Traders will focus on three major catalysts for the remainder of Friday’s session: the U.S. April jobs report, fresh U.S.-Iran developments, and movements in oil prices.

The employment report could trigger strong volatility across forex, commodities, equities, and crypto markets swing. Strong labor data may support the U.S. dollar and pressure gold prices. Weak labor data may weaken the dollar and support precious metals.

At the same time, geopolitical headlines remain unpredictable. Any escalation involving Iran could quickly increase volatility in oil, gold, and safe-haven currencies.

Conclusion

The May 4 to May 8 trading week highlighted how quickly market sentiment can shift. Traders reacted to changing geopolitical headlines, central bank expectations, and economic data risks. The U.S. dollar recovered late in the week after earlier weakness. The euro remained firm, while the British pound lost momentum. The Japanese yen stayed highly sensitive to intervention risks. Gold and silver posted strong gains as traders balanced safe-haven demand with changing interest rate expectations. Oil prices remained volatile because of developments involving Iran and the Strait of Hormuz.

Meanwhile, cryptocurrency markets struggled to maintain bullish momentum. Bitcoin, Ethereum, and several major altcoins traded lower by Friday morning as investors reduced exposure to risk-sensitive assets. As markets swing moving into the next trading week, investors will continue to monitor U.S. economic data, central bank policy expectations, and geopolitical developments across the Middle East.

People Also Ask

How did US-Iran tensions affect financial markets this week? Renewed tensions increased safe-haven demand, supporting the US dollar, gold, and Swiss franc while pressuring risk assets and contributing to oil price volatility around the Strait of Hormuz.

What drove gold prices higher in early May 2026? Falling inflation concerns, reduced expectations for aggressive Fed tightening, and renewed geopolitical safe-haven buying pushed spot gold toward $4,700.80 with a roughly 1.9% weekly gain.

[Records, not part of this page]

lemma prob_Pi_pmf_card_less:
  fixes p :: "'a pmf"
  shows "measure_pmf.prob (Pi_pmf {..<N} d (\<lambda>_. p)) {g. card {i. i < N \<and> g i \<in> A} < k}
           \<le> exp (real k - real N * measure_pmf.prob p A / 2)"
proof -
  define q where "q = measure_pmf.prob p A"
  have bounded: "integrable (measure_pmf M) f" if "\<And>x. \<bar>f x\<bar> \<le> B" for M and f :: "_ \<Rightarrow> real" and B
    using that by (intro measure_pmf.integrable_const_bound[where B = B]) auto
  have markov: "indicator {g. card {i. i < N \<and> g i \<in> A} < k} g
      \<le> exp (real k) * (\<Prod>i<N. exp (- indicator A (g i)))" for g :: "nat \<Rightarrow> 'a"
  proof -
    have "(\<Sum>i<N. indicator A (g i) :: real) = real (card {i. i < N \<and> g i \<in> A})"
      by (simp add: indicator_def sum.If_cases Int_def conj_commute)
    then have "(\<Prod>i<N. exp (- indicator A (g i))) = exp (- real (card {i. i < N \<and> g i \<in> A}))"
      by (simp add: sum_negf flip: exp_sum)
    then show ?thesis
      by (auto simp: indicator_def simp flip: exp_add)
  qed
  have coordinate: "measure_pmf.expectation p (\<lambda>v. exp (- indicator A v)) \<le> exp (- q / 2 :: real)"
  proof -
    have "exp (- 1 :: real) \<le> 1 / 2"
      using exp_ge_add_one_self[of 1] by (simp add: exp_minus field_simps)
    then have "measure_pmf.expectation p (\<lambda>v. exp (- indicator A v))
        \<le> measure_pmf.expectation p (\<lambda>v. 1 - indicator A v / 2 :: real)"
      by (intro integral_mono bounded[of _ 1]) (auto simp: indicator_def)
    also have "\<dots> = 1 - q / 2"
      by (simp add: q_def bounded[of _ 1])
    also have "\<dots> \<le> exp (- q / 2)"
      using exp_ge_add_one_self[of "- q / 2"] by simp
    finally show ?thesis .
  qed
  have int: "integrable (Pi_pmf {..<N} d (\<lambda>_. p)) (\<lambda>g. \<Prod>i<N. exp (- indicator A (g i) :: real))"
    by (intro integrable_prod_Pi_pmf bounded[of _ 1]) (auto simp: indicator_def)
  have "measure_pmf.prob (Pi_pmf {..<N} d (\<lambda>_. p)) {g. card {i. i < N \<and> g i \<in> A} < k}
      = measure_pmf.expectation (Pi_pmf {..<N} d (\<lambda>_. p)) (indicator {g. card {i. i < N \<and> g i \<in> A} < k})"
    by simp
  also have "\<dots> \<le> measure_pmf.expectation (Pi_pmf {..<N} d (\<lambda>_. p))
           (\<lambda>g. exp (real k) * (\<Prod>i<N. exp (- indicator A (g i))))"
    by (intro integral_mono markov integrable_mult_right int bounded[of _ 1]) (auto simp: indicator_def)
  also have "\<dots> = exp (real k) * (\<Prod>i<N. measure_pmf.expectation p (\<lambda>v. exp (- indicator A v)))"
    by (subst integral_mult_right_zero, subst expectation_prod_Pi_pmf)
       (auto intro: bounded[of _ 1] simp: indicator_def)
  also have "\<dots> \<le> exp (real k) * (\<Prod>i<N. exp (- q / 2))"
    using coordinate by (intro mult_left_mono prod_mono conjI integral_nonneg) auto
  also have "\<dots> = exp (real k - real N * q / 2)"
    by (simp flip: exp_of_nat_mult exp_add add: field_simps)
  finally show ?thesis by (simp add: q_def)
qed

Will the April US jobs report influence the Federal Reserve? Yes — stronger-than-expected data (around 62k-65k consensus) could bolster the dollar and limit rate-cut expectations, while weaker numbers would support gold and ease pressure on risk assets.

Why was the cryptocurrency market lower this week? Reduced risk appetite from geopolitical uncertainty weighed on Bitcoin near $79,354, Ethereum near $2,269, and major altcoins, despite relative strength in tokens like TRON.